2006 Citroen C4 Auto | AL4 slipping in 1st gear eventually engages with a clunk, when warm

Check the bolts on the valve block are not loose.
It's common to need to replace only the main pressure modulation valve #5. The selection electrovalves rarely fail.
A poor 2nd gear shift can be a symptom of a worn end cover bush according to Sonnax, who offer an upgraded bush.
Don't move the screw-in adjusters as they were set at the factory. If you must move them, measure the depth first so you can reset them to the original position.

AL4_Bolts.JPG

AL4_ElectroValves.JPG
 
So I just replaced the two main solenoids and put everything back together. I was very careful to line up the manual valve and the spring.

However, when testing it, it was struggling to find Drive. It would either blink N or R, but when I did get it into Drive, the STOP started flashing.

Any ideas on what may have gone wrong? I checked that the two solenoids I replaced were black top ones, ie like for like.

Does it maybe need time for oil to flow through the valve body again, and the issue will go away?

Please help! Thanks so much!
 
So I just replaced the two main solenoids and put everything back together. I was very careful to line up the manual valve and the spring.

However, when testing it, it was struggling to find Drive. It would either blink N or R, but when I did get it into Drive, the STOP started flashing.
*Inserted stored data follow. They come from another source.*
lemma wq_cut_merge_word: "wq_cut (merge_word n U u v) (wmax u) = (u, v)"
proof -
  let ?m = "merge_word n U u v" and ?Uc = "{1..n} - U"
  have small: "{i \<in> {1..length ?m}. wat ?m i \<in> {1..wmax u}} = ?Uc"
    and large: "{i \<in> {1..length ?m}. wat ?m i \<notin> {1..wmax u}} = U"
    using merge_word_cases U_subset by fastforce+
  note fw_small = filter_wat[of "\<lambda>x. x \<in> {1..wmax u}" ?m, unfolded small]
  note fw_large = filter_wat[of "\<lambda>x. x \<notin> {1..wmax u}" ?m, unfolded large]
  have "filter (\<lambda>x. x \<in> {1..wmax u}) ?m = u"
  proof (rule list_eq_iff_wat)
    fix a assume "a \<in> {1..length (filter (\<lambda>x. x \<in> {1..wmax u}) ?m)}"
    then have "a \<in> std_map ?Uc ` ?Uc"
      using fw_small std_map_image[of ?Uc] by simp
    then obtain i where "i \<in> ?Uc" "a = std_map ?Uc i"
      by blast
    then show "wat (filter (\<lambda>x. x \<in> {1..wmax u}) ?m) a = wat u a"
      using fw_small by (simp add: wat_merge_word)
  qed (use fw_small facts_u in simp)
  moreover have "filter (\<lambda>x. x \<notin> {1..wmax u}) ?m = map (\<lambda>x. x + wmax u) v"
  proof (rule list_eq_iff_wat)
    fix a assume "a \<in> {1..length (filter (\<lambda>x. x \<notin> {1..wmax u}) ?m)}"
    then have "a \<in> std_map U ` U" "a - 1 < length v"
      using fw_large std_map_image[OF finite_U] facts_v(2) by auto
    then obtain i where i: "i \<in> U" "a = std_map U i" and "a - 1 < length v"
      by blast
    then have "wat (map (\<lambda>x. x + wmax u) v) a = wat v a + wmax u"
      by (simp add: wat_def)
    moreover have "i \<in> {1..n}"
      using i U_subset by blast
    ultimately show "wat (filter (\<lambda>x. x \<notin> {1..wmax u}) ?m) a = wat (map (\<lambda>x. x + wmax u) v) a"
      using fw_large i by (simp add: wat_merge_word)
  qed (use fw_large facts_v in simp)
  ultimately show ?thesis
    by (simp add: wq_cut_def pack_map_add pack_packed[OF facts_v(1)])
qed

lemma weight_merge_word:
  "weight q1 q2 q3 (tleq T) (wat (merge_word n U u v)) {1..tdeg T} =
     weight q1 q2 q3 (tleq (induced T ({1..n} - U))) (wat u) {1..tdeg (induced T ({1..n} - U))} *
     weight q1 q2 q3 (tleq (induced T U)) (wat v) {1..tdeg (induced T U)}"
proof -
  let ?m = "merge_word n U u v" and ?Uc = "{1..n} - U"
  have "{1..tdeg T} = ?Uc \<union> U"
    using U_subset tdeg_topology[OF T] by auto
  moreover have "weight q1 q2 q3 (tleq T) (wat ?m) (?Uc \<union> U) =
      weight q1 q2 q3 (tleq T) (wat ?m) ?Uc * weight q1 q2 q3 (tleq T) (wat ?m) U"
  proof (rule weight_Un)
    fix a b assume "a \<in> ?Uc" "b \<in> U" "wat ?m a = wat ?m b"
    then show "\<not> tleq T a b \<and> \<not> tleq T b a \<and> a < b"
      using merge_word_cases[of a] merge_word_cases[of b] U_subset by auto
  qed (use finite_U in auto)
  moreover have "weight q1 q2 q3 (tleq (induced T ?Uc)) (wat u) {1..tdeg (induced T ?Uc)} =
      weight q1 q2 q3 (tleq T) (wat ?m) ?Uc"
    by (rule weight_induced) (auto simp: wat_merge_word)
  moreover have "weight q1 q2 q3 (tleq (induced T U)) (wat v) {1..tdeg (induced T U)} =
      weight q1 q2 q3 (tleq T) (wat ?m) U"
  proof (rule weight_induced[OF U_subset])
    fix a b assume "a \<in> U" "b \<in> U"
    then have "a \<in> {1..n}" "b \<in> {1..n}"
      using U_subset by blast+
    with \<open>a \<in> U\<close> \<open>b \<in> U\<close> show "wat v (std_map U a) = wat v (std_map U b) \<longleftrightarrow> wat ?m a = wat ?m b"
      by (simp add: wat_merge_word)
  qed
  ultimately show ?thesis
    by simp
qed

end

context
  fixes f :: "nat list" and k :: nat
  assumes f: "f \<in> Tpartitions T" and k: "k \<le> wmax f"
begin

private lemma facts_f: "packed f" "length f = n"
  using f TpartitionsD tdeg_topology[OF T] by auto

private lemma bounds_f: "i \<in> {1..n} \<Longrightarrow> 1 \<le> wat f i \<and> wat f i \<le> wmax f"
  using packed_wat_bounds[OF facts_f(1)] facts_f(2) by simp

private lemma mono_f: "i \<in> {1..n} \<Longrightarrow> j \<in> {1..n} \<Longrightarrow> tleq T i j \<Longrightarrow> wat f i \<le> wat f j"
  using Tpartitions_mono[OF f] tdeg_topology[OF T] by simp

lemma upper_set_open: "{i \<in> {1..n}. k < wat f i} \<in> T"
  using mono_f by (intro up_closed_open[OF T]) fastforce+

private lemma positions_lower: "{i \<in> {1..length f}. wat f i \<in> {1..k}} = {1..n} - {i \<in> {1..n}. k < wat f i}"
  using bounds_f facts_f(2) by fastforce

private lemma positions_upper: "{i \<in> {1..length f}. wat f i \<notin> {1..k}} = {i \<in> {1..n}. k < wat f i}"
  using bounds_f facts_f(2) by fastforce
Any ideas on what may have gone wrong? I checked that the two solenoids I replaced were black top ones, ie like for like.
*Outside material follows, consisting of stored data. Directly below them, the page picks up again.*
(* Let $X$ be a nonempty CFG-space over a Boolean ring $B$ and $f:X\to B$ a contractive map, where $B$ carries the metric $d(a,b)=a+b$. Then there exists $u\in X$ such that $f(x)\le f(u)$ for all $x\in X$.
   Context: $B$ is a Boolean ring ($a\vee b=a+b+ab$, $a\le b\iff ab=a$; $a_1\oplus\cdots\oplus a_n$ denotes a sum of pairwise disjoint elements). A Boolean metric space over $B$: set $X$ with $d:X\times X\to B$, $d(x,y)=0\iff x=y$, symmetric, $d(x,z)\le d(x,y)\vee d(y,z)$. For $x_1,\dots,x_n\in X$, $a_i\in B$ with $a_1\oplus\cdots\oplus a_n=1$, $x$ is a convex combination of the $x_i$ with coefficients $a_i$ if $a_id(x,x_i)=0$ for all $i$. A CFG-space is a space in which all such combinations exist and every element is a convex combination of elements of some fixed finite subset. A map $f$ is contractive if $d(f(x),f(y))\le d(x,y)$. *)

theory Defs
  imports Main
begin

text \<open>We model B as a type of class comm_ring_1 with the idempotency law as hypothesis
  (commutativity follows from idempotency anyway).\<close>

definition boolean_ring :: "'b::comm_ring_1 itself \<Rightarrow> bool" where
  "boolean_ring _ \<longleftrightarrow> (\<forall>a::'b. a * a = a)"

definition bjoin :: "'b::comm_ring_1 \<Rightarrow> 'b \<Rightarrow> 'b" where
  "bjoin a b = a + b + a * b"

definition ble :: "'b::comm_ring_1 \<Rightarrow> 'b \<Rightarrow> bool" where
  "ble a b \<longleftrightarrow> a * b = a"

definition boolean_metric :: "'a set \<Rightarrow> ('a \<Rightarrow> 'a \<Rightarrow> 'b::comm_ring_1) \<Rightarrow> bool" where
  "boolean_metric X d \<longleftrightarrow>
     (\<forall>x\<in>X. \<forall>y\<in>X. d x y = 0 \<longleftrightarrow> x = y) \<and>
     (\<forall>x\<in>X. \<forall>y\<in>X. d x y = d y x) \<and>
     (\<forall>x\<in>X. \<forall>y\<in>X. \<forall>z\<in>X. ble (d x z) (bjoin (d x y) (d y z)))"

definition partition_of_unity :: "nat \<Rightarrow> (nat \<Rightarrow> 'b::comm_ring_1) \<Rightarrow> bool" where
  "partition_of_unity n a \<longleftrightarrow>
     (\<forall>i<n. \<forall>j<n. i \<noteq> j \<longrightarrow> a i * a j = 0) \<and> (\<Sum>i<n. a i) = 1"

definition convex_comb ::
  "('a \<Rightarrow> 'a \<Rightarrow> 'b::comm_ring_1) \<Rightarrow> 'a \<Rightarrow> nat \<Rightarrow> (nat \<Rightarrow> 'a) \<Rightarrow> (nat \<Rightarrow> 'b) \<Rightarrow> bool" where
  "convex_comb d x n xs a \<longleftrightarrow> (\<forall>i<n. a i * d x (xs i) = 0)"

definition CFG_space :: "'a set \<Rightarrow> ('a \<Rightarrow> 'a \<Rightarrow> 'b::comm_ring_1) \<Rightarrow> bool" where
  "CFG_space X d \<longleftrightarrow> boolean_metric X d \<and>
     (\<forall>n xs a. (\<forall>i<n. xs i \<in> X) \<and> partition_of_unity n a \<longrightarrow>
        (\<exists>x\<in>X. convex_comb d x n xs a)) \<and>
     (\<exists>S. finite S \<and> S \<subseteq> X \<and>
        (\<forall>x\<in>X. \<exists>n xs a. (\<forall>i<n. xs i \<in> S) \<and> partition_of_unity n a \<and> convex_comb d x n xs a))"

definition contractive_to_B :: "'a set \<Rightarrow> ('a \<Rightarrow> 'a \<Rightarrow> 'b::comm_ring_1) \<Rightarrow> ('a \<Rightarrow> 'b) \<Rightarrow> bool" where
  "contractive_to_B X d f \<longleftrightarrow> (\<forall>x\<in>X. \<forall>y\<in>X. ble (f x + f y) (d x y))"

end

theory Submission
  imports Defs
begin

(* A contractive map f : X \<rightarrow> B is "affine" on convex combinations:
   if x is a convex combination of x_1..x_n with coefficients a_1 \<oplus> ... \<oplus> a_n = 1,
   then a_i d(x,x_i) = 0 forces a_i f(x) = a_i f(x_i), hence f(x) = \<Sum> a_i f(x_i).
   Two consequences drive the proof:
   (1) an upper bound of all f(x_i) bounds f(x), since the sum is a disjoint one;
   (2) the join f(u) \<or> f(v) is attained: with c = f(v)(1 - f(u)) the convex
       combination w of u, v with coefficients 1 - c, c has f(w) = f(u) \<or> f(v).
   By (2) and induction, the values of f on the finite generating set S of the
   CFG-space have an upper bound f(u) with u \<in> X; by (1) every f(x), x \<in> X,
   lies below f(u), because x is a convex combination of points of S. *)

lemma boolean_ring_idem:
  fixes a :: "'b::comm_ring_1"
  assumes "boolean_ring TYPE('b)"
  shows "a * a = a"
  using assms by (simp add: boolean_ring_def)

lemma boolean_ring_add_self:
  fixes a :: "'b::comm_ring_1"
  assumes B: "boolean_ring TYPE('b)"
  shows "a + a = 0"
proof -
  have "(a + a) * (a + a) = (a * a + a * a) + (a * a + a * a)"
    by (simp add: algebra_simps)
  then have "(a + a) + (a + a) = a + a"
    using boolean_ring_idem[OF B, of a] boolean_ring_idem[OF B, of "a + a"] by simp
  then show ?thesis by simp
qed

lemma boolean_ring_minus:
  fixes a :: "'b::comm_ring_1"
  assumes "boolean_ring TYPE('b)"
  shows "- a = a"
  using boolean_ring_add_self[OF assms, of a] by (simp add: add_eq_0_iff)

lemma ble_trans:
  fixes a b c :: "'b::comm_ring_1"
  assumes "ble a b" and "ble b c"
  shows "ble a c"
  using assms unfolding ble_def by (metis mult.assoc)

lemma ble_bjoin:
  fixes a b :: "'b::comm_ring_1"
  assumes B: "boolean_ring TYPE('b)"
  shows "ble a (bjoin a b)" and "ble b (bjoin a b)"
proof -
  have aa: "a * a = a" and bb: "b * b = b" using boolean_ring_idem[OF B] by auto
  have ab: "a * b + a * b = 0" using boolean_ring_add_self[OF B] .
  have "a * bjoin a b = a * a + a * b + a * (a * b)"
    by (simp add: bjoin_def algebra_simps)
  also have "\<dots> = a + (a * b + a * b)" using aa by (simp add: mult.assoc[symmetric])
  finally show "ble a (bjoin a b)" using ab by (simp add: ble_def)
  have "b * bjoin a b = a * b + b * b + a * (b * b)"
    by (simp add: bjoin_def algebra_simps)
  also have "\<dots> = b + (a * b + a * b)" using bb by (simp add: algebra_simps)
  finally show "ble b (bjoin a b)" using ab by (simp add: ble_def)
qed

lemma ble_scaled_sum:
  fixes a g :: "nat \<Rightarrow> 'b::comm_ring_1"
  assumes "\<forall>i<n. ble (g i) b"
  shows "ble (\<Sum>i<n. a i * g i) b"
proof -
  have "(\<Sum>i<n. a i * g i) * b = (\<Sum>i<n. a i * (g i * b))"
    by (simp add: sum_distrib_right mult.assoc)
  also have "\<dots> = (\<Sum>i<n. a i * g i)"
    using assms by (intro sum.cong) (auto simp: ble_def)
  finally show ?thesis by (simp add: ble_def)
qed

lemma partition_of_unity_two:
  fixes c :: "'b::comm_ring_1"
  assumes cc: "c * c = c"
  shows "partition_of_unity 2 (\<lambda>i. if i = 0 then 1 - c else c)"
  unfolding partition_of_unity_def
proof (intro conjI allI impI)
  fix i j :: nat assume "i < 2" "j < 2" "i \<noteq> j"
  then show "(if i = 0 then 1 - c else c) * (if j = 0 then 1 - c else c) = 0"
    using cc by (auto simp: algebra_simps)
qed (simp add: numeral_2_eq_2)

lemma contractive_agree:
  fixes d :: "'a \<Rightarrow> 'a \<Rightarrow> 'b::comm_ring_1"
  assumes B: "boolean_ring TYPE('b)" and con: "contractive_to_B X d f"
    and "x \<in> X" "y \<in> X" and a: "a * d x y = 0"
  shows "a * f x = a * f y"
proof -
  have "(f x + f y) * d x y = f x + f y"
    using con \<open>x \<in> X\<close> \<open>y \<in> X\<close> by (simp add: contractive_to_B_def ble_def)
  then have "a * (f x + f y) = (f x + f y) * (a * d x y)"
    by (metis mult.commute mult.left_commute)
  then have "a * f x = - (a * f y)"
    using a by (simp add: algebra_simps eq_neg_iff_add_eq_0)
  then show ?thesis using boolean_ring_minus[OF B] by simp
qed

lemma contractive_convex_comb:
  fixes d :: "'a \<Rightarrow> 'a \<Rightarrow> 'b::comm_ring_1"
  assumes B: "boolean_ring TYPE('b)" and con: "contractive_to_B X d f"
    and x: "x \<in> X" and xs: "\<forall>i<n. xs i \<in> X"
    and pu: "partition_of_unity n a" and cv: "convex_comb d x n xs a"
  shows "f x = (\<Sum>i<n. a i * f (xs i))"
proof -
  have "f x = (\<Sum>i<n. a i) * f x"
    using pu by (simp add: partition_of_unity_def)
  also have "\<dots> = (\<Sum>i<n. a i * f x)"
    by (simp add: sum_distrib_right)
  also have "\<dots> = (\<Sum>i<n. a i * f (xs i))"
    using cv xs by (intro sum.cong refl contractive_agree[OF B con x])
      (auto simp: convex_comb_def)
  finally show ?thesis .
qed

lemma CFG_join_attained:
  fixes d :: "'a \<Rightarrow> 'a \<Rightarrow> 'b::comm_ring_1"
  assumes B: "boolean_ring TYPE('b)" and cfg: "CFG_space X d"
    and con: "contractive_to_B X d f" and "u \<in> X" "v \<in> X"
  shows "\<exists>w\<in>X. f w = bjoin (f u) (f v)"
proof -
  define c where "c = f v * (1 - f u)"
  define xs where "xs = (\<lambda>i::nat. if i = 0 then u else v)"
  define a where "a = (\<lambda>i::nat. if i = 0 then 1 - c else c)"
  have pu: "partition_of_unity 2 a"
    unfolding a_def by (rule partition_of_unity_two[OF boolean_ring_idem[OF B]])
  have xs_X: "\<forall>i<2. xs i \<in> X" using \<open>u \<in> X\<close> \<open>v \<in> X\<close> by (simp add: xs_def)
  then obtain w where w: "w \<in> X" and cv: "convex_comb d w 2 xs a"
    using cfg pu unfolding CFG_space_def by blast
  have "f w = (\<Sum>i<2. a i * f (xs i))"
    by (rule contractive_convex_comb[OF B con w xs_X pu cv])
  also have "\<dots> = (1 - c) * f u + c * f v"
    by (simp add: numeral_2_eq_2 a_def xs_def)
  also have "\<dots> = bjoin (f u) (f v)"
  proof -
    have uu: "f u * f u = f u" and vv: "f v * f v = f v"
      using boolean_ring_idem[OF B] by auto
    have "(1 - c) * f u + c * f v = f u + f v - f u * f v - f u * f v * (f v - f u)"
      by (simp add: c_def algebra_simps vv)
    also have "\<dots> = f u + f v - f u * f v"
      by (simp add: algebra_simps mult.assoc[symmetric] uu vv)
    also have "\<dots> = bjoin (f u) (f v)"
      by (simp add: bjoin_def boolean_ring_minus[OF B])
    finally show ?thesis .
  qed
  finally show ?thesis using w by blast
qed

lemma CFG_finite_upper_bound:
  fixes d :: "'a \<Rightarrow> 'a \<Rightarrow> 'b::comm_ring_1"
  assumes B: "boolean_ring TYPE('b)" and cfg: "CFG_space X d"
    and con: "contractive_to_B X d f" and "X \<noteq> {}"
    and "finite T" and "T \<subseteq> X"
  shows "\<exists>u\<in>X. \<forall>s\<in>T. ble (f s) (f u)"
  using \<open>finite T\<close> \<open>T \<subseteq> X\<close>
proof (induction T rule: finite_induct)
  case empty
  then show ?case using \<open>X \<noteq> {}\<close> by blast
next
  case (insert t T)
  then obtain u where u: "u \<in> X" "\<forall>s\<in>T. ble (f s) (f u)" by blast
  obtain w where w: "w \<in> X" "f w = bjoin (f u) (f t)"
    using CFG_join_attained[OF B cfg con u(1)] insert.prems by blast
  have "\<forall>s\<in>T. ble (f s) (f w)"
    using u(2) ble_bjoin(1)[OF B] w(2) by (metis ble_trans)
  moreover have "ble (f t) (f w)" using ble_bjoin(2)[OF B] w(2) by simp
  ultimately show ?case using w(1) by blast
qed

theorem mainTheorem19:
  fixes X :: "'a set" and d :: "'a \<Rightarrow> 'a \<Rightarrow> 'b::comm_ring_1" and f :: "'a \<Rightarrow> 'b"
  assumes "boolean_ring TYPE('b)"
    and "X \<noteq> {}"
    and "CFG_space X d"
    and "contractive_to_B X d f"
  shows "\<exists>u\<in>X. \<forall>x\<in>X. ble (f x) (f u)"
proof -
  obtain S where S: "finite S" "S \<subseteq> X"
    and gen: "\<forall>x\<in>X. \<exists>n xs a. (\<forall>i<n. xs i \<in> S) \<and> partition_of_unity n a
                               \<and> convex_comb d x n xs a"
    using assms(3) unfolding CFG_space_def by blast
  obtain u where u: "u \<in> X" "\<forall>s\<in>S. ble (f s) (f u)"
    using CFG_finite_upper_bound[OF assms(1,3,4,2) S] by blast
  have "ble (f x) (f u)" if x: "x \<in> X" for x
  proof -
    obtain n xs a where xs: "\<forall>i<n. xs i \<in> S" and pu: "partition_of_unity n a"
      and cv: "convex_comb d x n xs a" using gen x by blast
    have "f x = (\<Sum>i<n. a i * f (xs i))"
      using contractive_convex_comb[OF assms(1,4) x _ pu cv] xs S(2) by blast
    moreover have "ble (\<Sum>i<n. a i * f (xs i)) (f u)"
      using xs u(2) by (intro ble_scaled_sum) blast
    ultimately show ?thesis by simp
  qed
  then show ?thesis using u(1) by blast
qed

end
Does it maybe need time for oil to flow through the valve body again, and the issue will go away?

Please help! Thanks so much!
If the gear indicator blinks, the multi-function switch on top of the gearbox is not aligned.
How did you set up the roller blade? The roller blade is the leaf spring on the valve body that engages into the detentes in the selector quadrant. The roller blade is probably not set correctly. That could cause both of your symptoms.
I have a blurb over on the C3 owners site on how to change the electrovalves. Link HERE.
I have figured out a way to replicate the alignment tool and set the roller blade in the correct position.
Theoretically resetting the roller blade should set the switch back in position...but it may not. You may have to re-align the switch after setting up the roller blade. There are no locating dowels in the valve body, so it's unlikely it went back in the gear casing in exactly the same position that it came out. So some aligning may be required. The post also shows you how to set up the multi-function switch.
 
I just reinstalled the roller spring and checked the gear indicator. Seemed fine so I reassembled the car.

Then the antipolution fault and abs warning came on! I checked the spark plugs and the warning went away. Also after driving, the abs warning went away.

HOWEVER, the gearbox warning came up a coupe of times when driving and flashed the snow and sport icons for very brief moments and went away.

The car cannot seem to use the Manual up/down but other gears are fine. Also, I feel like the transmission is either slipping or in the wrong gear when the car was warmed up because it was revving too hard and not going very fast after coming to a stop. My OBD2 says coolant temp fluctuates from 90 to 98. Is this normal, or is somehow the ATF overheating and causing the transmission not to work properly!

Any advice is greatly appreciated as I really need this problem fixed. The car cannot be driven like this!

Thanks everyone
 
It might also be worth mentioning that the temp gauge is faulty and reads about 20 degrees lower than the obd2 reader. Is this somehow affecting the transmission?
 
I just reinstalled the roller spring and checked the gear indicator. Seemed fine so I reassembled the car.

Then the antipolution fault and abs warning came on! I checked the spark plugs and the warning went away. Also after driving, the abs warning went away.

HOWEVER, the gearbox warning came up a coupe of times when driving and flashed the snow and sport icons for very brief moments and went away.

The car cannot seem to use the Manual up/down but other gears are fine. Also, I feel like the transmission is either slipping or in the wrong gear when the car was warmed up because it was revving too hard and not going very fast after coming to a stop. My OBD2 says coolant temp fluctuates from 90 to 98. Is this normal, or is somehow the ATF overheating and causing the transmission not to work properly!

Any advice is greatly appreciated as I really need this problem fixed. The car cannot be driven like this!

Thanks everyone
Snow and sport icons flashing means the oil counter needs to be reset. This needs to be done at every fluid change which in PSA terms is never as these boxes are sealed for life🤪

Only PP2000 or Delphi can reset the counter. Not sure any other scanners can but AL4 will complain if counter not reset and expects fluid to be changed
 
Thanks. I might be confused but it sounds like you're suggesting resetting the oil counter will fix the transmission shifting issue. I'm not sure that sounds correct.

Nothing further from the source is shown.